# Wow some of these intros are HEAVY!



## curiouswife4 (Oct 15, 2019)

Wow some of these intros here are HEAVY!

Hello all,

I am married to the coolest guy ever, no pressure, no assumptions, no expectations. So far life has been amazing, of course a few bumps and hiccups here and there. 

I am joining your forum because of curiosity. I do not have much time with other adults to chat about the things you do here and it would be nice to do so. I have read many many posts here and am fascinated by them and everyone here. 

My husband and I are now VERY monogamous even though we were not so wise before marriage so we have both had our fair share of "other sex." Been there done that, nothing has come close to what we have now. 

We are in the fitness and athletic world and going through some of those darned body changes whether we like it or not. Healthy or not, life just keeps on changing you doesn't it? 

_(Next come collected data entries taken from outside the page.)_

(* Let $k\geq 2$ and let $G$ be a graph of order $n\geq 8k^2-3k$ that does not contain $k\cdot P_3$ as a subgraph. Then $\rho(G)\leq \rho(F_{n,k})$, with equality if and only if $G=F_{n,k}$.
   Context: Graphs are finite and simple; $\rho(G)$ is the largest eigenvalue of the adjacency matrix of $G$. $P_3$ is the path on 3 vertices and $k\cdot P_3$ is the disjoint union of $k$ copies of $P_3$. $G\vee H$ is the join and $G\cup H$ the disjoint union of vertex-disjoint graphs; $pK_2$ is the disjoint union of $p$ edges. Writing $n-(k-1)=2p+s$ with integers $p\geq 0$ and $0\leq s<2$, $F_{n,k}=K_{k-1}\vee(pK_2\cup K_s)$. *)

theory Defs
  imports Complex_Main
begin

definition simple_graph :: "'a set \<Rightarrow> 'a set set \<Rightarrow> bool" where
  "simple_graph V E \<longleftrightarrow> finite V \<and> (\<forall>e\<in>E. e \<subseteq> V \<and> card e = 2)"

definition adj :: "'a set set \<Rightarrow> 'a \<Rightarrow> 'a \<Rightarrow> real" where
  "adj E u v = (if {u, v} \<in> E then 1 else 0)"

text \<open>Real eigenvalues of the adjacency matrix (indexed by V).
  The adjacency matrix is real symmetric, so all its eigenvalues are real.\<close>
definition adj_eigenvalues :: "'a set \<Rightarrow> 'a set set \<Rightarrow> real set" where
  "adj_eigenvalues V E =
     {mu. \<exists>x :: 'a \<Rightarrow> real. (\<exists>v\<in>V. x v \<noteq> 0) \<and>
          (\<forall>v\<in>V. (\<Sum>u\<in>V. adj E v u * x u) = mu * x v)}"

definition spectral_radius :: "'a set \<Rightarrow> 'a set set \<Rightarrow> real" where
  "spectral_radius V E = Max (adj_eigenvalues V E)"

definition contains_subgraph ::
  "'a set \<Rightarrow> 'a set set \<Rightarrow> 'b set \<Rightarrow> 'b set set \<Rightarrow> bool" where
  "contains_subgraph V E VH EH \<longleftrightarrow>
     (\<exists>f. inj_on f VH \<and> f ` VH \<subseteq> V \<and> (\<forall>e\<in>EH. f ` e \<in> E))"

definition graph_iso ::
  "'a set \<Rightarrow> 'a set set \<Rightarrow> 'b set \<Rightarrow> 'b set set \<Rightarrow> bool" where
  "graph_iso V E W F \<longleftrightarrow>
     (\<exists>f. bij_betw f V W \<and> (\<forall>u\<in>V. \<forall>v\<in>V. {u, v} \<in> E \<longleftrightarrow> {f u, f v} \<in> F))"

definition kP3_verts :: "nat \<Rightarrow> (nat \<times> nat) set" where
  "kP3_verts k = {0..<k} \<times> {0, 1, 2}"

definition kP3_edges :: "nat \<Rightarrow> (nat \<times> nat) set set" where
  "kP3_edges k = (\<Union>i\<in>{0..<k}. {{(i, 0), (i, 1)}, {(i, 1), (i, 2)}})"

text \<open>F_{n,k} = K_{k-1} join (p K_2 union K_s), where n-(k-1) = 2p+s, 0<=s<2.
  Vertex set {0..<n}; vertices 0..k-2 form K_{k-1}; the remaining vertices
  k-1+2j, k-1+2j+1 (j<p) form the p edges; if s = 1 vertex n-1 is the extra
  isolated vertex of the second part.\<close>
definition F_verts :: "nat \<Rightarrow> nat set" where
  "F_verts n = {0..<n}"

I look forward to chatting. Blessings to all.


----------



## Betrayedone (Jan 1, 2014)

Welcome.....Consider yourself lucky!


----------



## Adelais (Oct 23, 2013)

ok....I'll listen to Thumper's father.

Welcome! Glad you have a good marriage. You will learn a lot here.


----------



## CharlieParker (Aug 15, 2012)

Hi!

There are other happy people here. Myself included. Happy, but not always roses and unicorn farts. I came here before our 20th anniversary, just curious about marriage in general. Holy crap, not what I was expecting.


----------



## Yeswecan (Jul 25, 2014)

I'm happily married 25+. Did not happen over night. But this site helped a lot by pointing out what I thought was right in my marriage but in reality wrong. Now that it is sorted life is much better. 

Welcome aboard.


----------



## MattMatt (May 19, 2012)

Welcome to TAM.


----------